Rap70r commented 3 years ago

Hi nsivabalan,

I could try setting retention version to a higher number but the thing is we do apply incremental updates very frequently in short intervals. Like every several minutes. A reading process could be running for more than an hour. Enough time for Hudi to update several times. So that might not solve the issue entirely for long running queries. Is there a different approach we could look into? Like any caching mechanism?

Thank you

nsivabalan commented 3 years ago

Few options/questions:

Rap70r commented 3 years ago

Hi nsivabalan,

Thank you for your reply.

I was wondering if we should look into table caching in Spark: https://spark.apache.org/docs/3.0.0-preview/sql-ref-syntax-aux-cache-cache-table.html

As this would cache the entire table into disk/memory and would work with that. The only downside I can think of is space issues. Are there any other disadvantages when using cache and persist?

Also, we're looking into improving reader's speed with combination of increasing retention version value. When reading a S3 Hudi dataset structure, does the number of partition affect the speed of readers? For example, if the table is partitioned into 200 folders or 1000 folders, by choosing different columns, would that affect the speed when reading the table by using Snapshot query: https://hudi.apache.org/docs/querying_data.html#spark-snap-query

Thank you

vinothchandar commented 3 years ago

So that might not solve the issue entirely for long running queries. Is there a different approach we could look into? Like any caching mechanism?

I wonder if this issue can be mitigated in your code by simply issuing a df.cache() ? That way the recomputation of the dataframe is not triggered, even if the cleaning policy on the writer side, deletes some older files? I am fairly confident that it might work, but of course, comes at the cost of additional/memory and storage.

we're looking into improving reader's speed with combination of increasing retention version value.

the metadata table we added in 0.7.0, should help alleviate concerns around listing larger partitions. Although, we have added support for Hive/SparkSQL-on-Hive only for now. We are working on support for Spark datasource.

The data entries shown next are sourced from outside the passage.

(* Let $G$ be a simple $(3,4)$-biregular $X,Y$-bigraph (vertices of $X$ of degree 3, of $Y$ of degree 4), so $|X|=4k$ and $|Y|=3k$ for some $k$, and suppose $G$ has a full 3-regular subgraph $H$. Let $X'=X\cap V(H)$ and $X_0=X\setminus X'=\{x^0_1,\dots,x^0_k\}$; the neighborhoods $T_i=N_G(x^0_i)$, $1\le i\le k$, partition $Y$ into triples, and let $\mathbf{T}=(T_1,\dots,T_k)$. Fix a proper 3-edge-coloring $c$ of $H$ with colors $1,2,3$, let $H'$ be the spanning subgraph of $H$ consisting of the edges of colors 1 and 2, and let $F$ be the graph with vertex set $Y$ having, for each $x\in X'$ with $H'$-neighbors $y,y'$, an edge $yy'$ (so $F$ is 2-regular, possibly with multiple edges, and its components are cycles). If $\mathbf{T}$ has a mixed transversal (with respect to $F$), then $G$ has a proper path-factor.
   Context: A simple graph has no loops or multiple edges. An $X,Y$-bigraph is a bipartite graph with partite sets $X,Y$; a $(3,4)$-biregular bigraph has all vertices of one part of degree 3 and all of the other part of degree 4. A full 3-regular subgraph is a 3-regular subgraph containing every vertex of degree 4. A proper path-factor of $G$ is a spanning subgraph each of whose components is a path with both endpoints in $X$ and length in $\{2,4,6,8\}$. For the family $\mathbf{T}$ of disjoint triples on $V(F)$: a transversal is a set $S$ containing exactly one element of each triple; an independent transversal is a transversal that is an independent set in $F$; a spread transversal is a transversal $S$ such that, for some choice of direction on each cycle of $F$, for every vertex $v$ of $F$ not in $S$ there is a vertex of $S$ among the next three vertices after $v$ in the forward direction along its cycle. Let $F^*$ be the 4-regular graph obtained from $F$ by adding, for each triple of $\mathbf{T}$, a triangle on its three vertices. A mixed transversal is a transversal $S$ such that for each component $C$ of $F^*$, the set $S\cap V(C)$ is an independent transversal or a spread transversal of the triples contained in $V(C)$ with respect to the cycles of $F$ contained in $C$. *)

theory Defs
  imports Main
begin

definition nbrs :: "('a \<Rightarrow> 'a \<Rightarrow> bool) \<Rightarrow> 'a \<Rightarrow> 'a set" where
  "nbrs E v = {u. E v u}"

definition simple_graph :: "'a set \<Rightarrow> ('a \<Rightarrow> 'a \<Rightarrow> bool) \<Rightarrow> bool" where
  "simple_graph V E \<longleftrightarrow> finite V \<and> (\<forall>u v. E u v \<longrightarrow> u \<in> V \<and> v \<in> V)
     \<and> (\<forall>u v. E u v \<longrightarrow> E v u) \<and> (\<forall>u. \<not> E u u)"

definition bigraph34 :: "'a set \<Rightarrow> 'a set \<Rightarrow> ('a \<Rightarrow> 'a \<Rightarrow> bool) \<Rightarrow> bool" where
  "bigraph34 X Y E \<longleftrightarrow> finite X \<and> finite Y \<and> X \<inter> Y = {} \<and> simple_graph (X \<union> Y) E
     \<and> (\<forall>u v. E u v \<longrightarrow> (u \<in> X \<and> v \<in> Y) \<or> (u \<in> Y \<and> v \<in> X))
     \<and> (\<forall>x\<in>X. card (nbrs E x) = 3) \<and> (\<forall>y\<in>Y. card (nbrs E y) = 4)"

definition full_3reg_subgraph ::
  "'a set \<Rightarrow> 'a set \<Rightarrow> ('a \<Rightarrow> 'a \<Rightarrow> bool) \<Rightarrow> 'a set \<Rightarrow> ('a \<Rightarrow> 'a \<Rightarrow> bool) \<Rightarrow> bool" where
  "full_3reg_subgraph X Y E VH EH \<longleftrightarrow> VH \<subseteq> X \<union> Y
     \<and> (\<forall>u v. EH u v \<longrightarrow> E u v) \<and> (\<forall>u v. EH u v \<longrightarrow> EH v u)
     \<and> (\<forall>u v. EH u v \<longrightarrow> u \<in> VH \<and> v \<in> VH)
     \<and> (\<forall>v\<in>VH. card (nbrs EH v) = 3)
     \<and> (\<forall>v\<in>X \<union> Y. card (nbrs E v) = 4 \<longrightarrow> v \<in> VH)"

definition proper_3_edge_colouring :: "('a \<Rightarrow> 'a \<Rightarrow> bool) \<Rightarrow> ('a \<Rightarrow> 'a \<Rightarrow> nat) \<Rightarrow> bool" where
  "proper_3_edge_colouring EH c \<longleftrightarrow>
     (\<forall>u v. EH u v \<longrightarrow> c u v \<in> {1,2,3} \<and> c u v = c v u)
     \<and> (\<forall>v u w. EH v u \<and> EH v w \<and> u \<noteq> w \<longrightarrow> c v u \<noteq> c v w)"

definition mg_adj :: "'e set \<Rightarrow> ('e \<Rightarrow> 'v set) \<Rightarrow> 'v \<Rightarrow> 'v \<Rightarrow> bool" where
  "mg_adj I ends u v \<longleftrightarrow> (\<exists>e\<in>I. ends e = {u, v} \<and> u \<noteq> v)"

definition Fstar_adj :: "'v set set \<Rightarrow> 'e set \<Rightarrow> ('e \<Rightarrow> 'v set) \<Rightarrow> 'v \<Rightarrow> 'v \<Rightarrow> bool" where
  "Fstar_adj \<T> I ends u v \<longleftrightarrow> mg_adj I ends u v \<or> (\<exists>T\<in>\<T>. u \<in> T \<and> v \<in> T \<and> u \<noteq> v)"

definition Fstar_component :: "'v set set \<Rightarrow> 'e set \<Rightarrow> ('e \<Rightarrow> 'v set) \<Rightarrow> 'v \<Rightarrow> 'v set" where
  "Fstar_component \<T> I ends v = {u. (Fstar_adj \<T> I ends)\<^sup>*\<^sup>* v u}"

definition transversal :: "'v set set \<Rightarrow> 'v set \<Rightarrow> bool" where
  "transversal \<T> S \<longleftrightarrow> S \<subseteq> \<Union>\<T> \<and> (\<forall>T\<in>\<T>. card (S \<inter> T) = 1)"

definition independent_in :: "'e set \<Rightarrow> ('e \<Rightarrow> 'v set) \<Rightarrow> 'v set \<Rightarrow> bool" where
  "independent_in I ends A \<longleftrightarrow> (\<forall>u\<in>A. \<forall>v\<in>A. \<not> mg_adj I ends u v)"

text \<open>A choice of direction on every cycle of the 2-regular multigraph F on V, encoded by the
  successor map \<sigma>: each vertex v leaves along its own edge e v towards \<sigma> v, every edge being
  used exactly once.\<close>
definition cycle_direction :: "'v set \<Rightarrow> 'e set \<Rightarrow> ('e \<Rightarrow> 'v set) \<Rightarrow> ('v \<Rightarrow> 'v) \<Rightarrow> bool" where
  "cycle_direction V I ends \<sigma> \<longleftrightarrow> bij_betw \<sigma> V V
     \<and> (\<exists>e. bij_betw e V I \<and> (\<forall>v\<in>V. ends (e v) = {v, \<sigma> v}))"

definition spread_on :: "('v \<Rightarrow> 'v) \<Rightarrow> 'v set \<Rightarrow> 'v set \<Rightarrow> bool" where
  "spread_on \<sigma> C S \<longleftrightarrow> (\<forall>v\<in>C - S. \<exists>i\<in>{1,2,3::nat}. (\<sigma> ^^ i) v \<in> S)"

definition mixed_transversal :: "'v set \<Rightarrow> 'v set set \<Rightarrow> 'e set \<Rightarrow> ('e \<Rightarrow> 'v set) \<Rightarrow> 'v set \<Rightarrow> bool" where
  "mixed_transversal V \<T> I ends S \<longleftrightarrow> transversal \<T> S \<and>
     (\<forall>v\<in>V. let C = Fstar_component \<T> I ends v in
        independent_in I ends (S \<inter> C)
        \<or> (\<exists>\<sigma>. cycle_direction V I ends \<sigma> \<and> spread_on \<sigma> C S))"

definition proper_path_factor :: "'a set \<Rightarrow> 'a set \<Rightarrow> ('a \<Rightarrow> 'a \<Rightarrow> bool) \<Rightarrow> ('a \<Rightarrow> 'a \<Rightarrow> bool) \<Rightarrow> bool" where
  "proper_path_factor X Y E P \<longleftrightarrow>
     (\<forall>u v. P u v \<longrightarrow> E u v) \<and> (\<forall>u v. P u v \<longrightarrow> P v u) \<and>
     (\<forall>v\<in>X \<union> Y. \<exists>vs. distinct vs \<and> set vs = {u. P\<^sup>*\<^sup>* v u}
        \<and> length vs - 1 \<in> {2,4,6,8} \<and> hd vs \<in> X \<and> last vs \<in> X
        \<and> (\<forall>i. Suc i < length vs \<longrightarrow> P (vs ! i) (vs ! Suc i))
        \<and> (\<forall>u\<in>set vs. \<forall>w. P u w \<longrightarrow> (\<exists>i. Suc i < length vs \<and>
              ((u = vs ! i \<and> w = vs ! Suc i) \<or> (w = vs ! i \<and> u = vs ! Suc i)))))"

if the table is partitioned into 200 folders or 1000 folders, by choosing different columns,

In general, the more folders, the smaller each file. So there will be some degradation (hudi or not). w.r.t partitions,I think it boils down to how S3 rate limits per prefix, more prefixes may actually help increase parallelism.

In all, you want to do fast incremental updates with long retention like few hours at-least (so long running jobs can finish), but your problem is query perf degrades if you say have cleaner retention for last 10 hours?

Rap70r commented 3 years ago

Hi @vinothchandar,

Thank you for your detailed answer. Yes, we are going to increase the retention policy to a higher number, like 15 or maybe higher, and also will work into improving performance of readers. We wouldn't want to have a retention period that exceeds few hours for the exact reason you mentioned.

I did try to increase the number of partitions to few thousands but after a certain point the performance drops due to the time it takes to iterate over all the files on our cluster's setup.

I want to clarify that we are not using Hive in our setup. Hudi tables are all written to S3 directly by Spark.

Thank you

vinothchandar commented 3 years ago

Sounds good. Please keep us posted.

Rap70r commented 3 years ago

Will do, Thank you :)

nsivabalan commented 3 years ago

once you respond and have any questions/clarifications, can you please remove "awaiting-user-response" label for the issue. If possible add "awaiting-community-help" label.

nsivabalan commented 3 years ago

Closing this for now. please feel free to reopen or open a new ticket.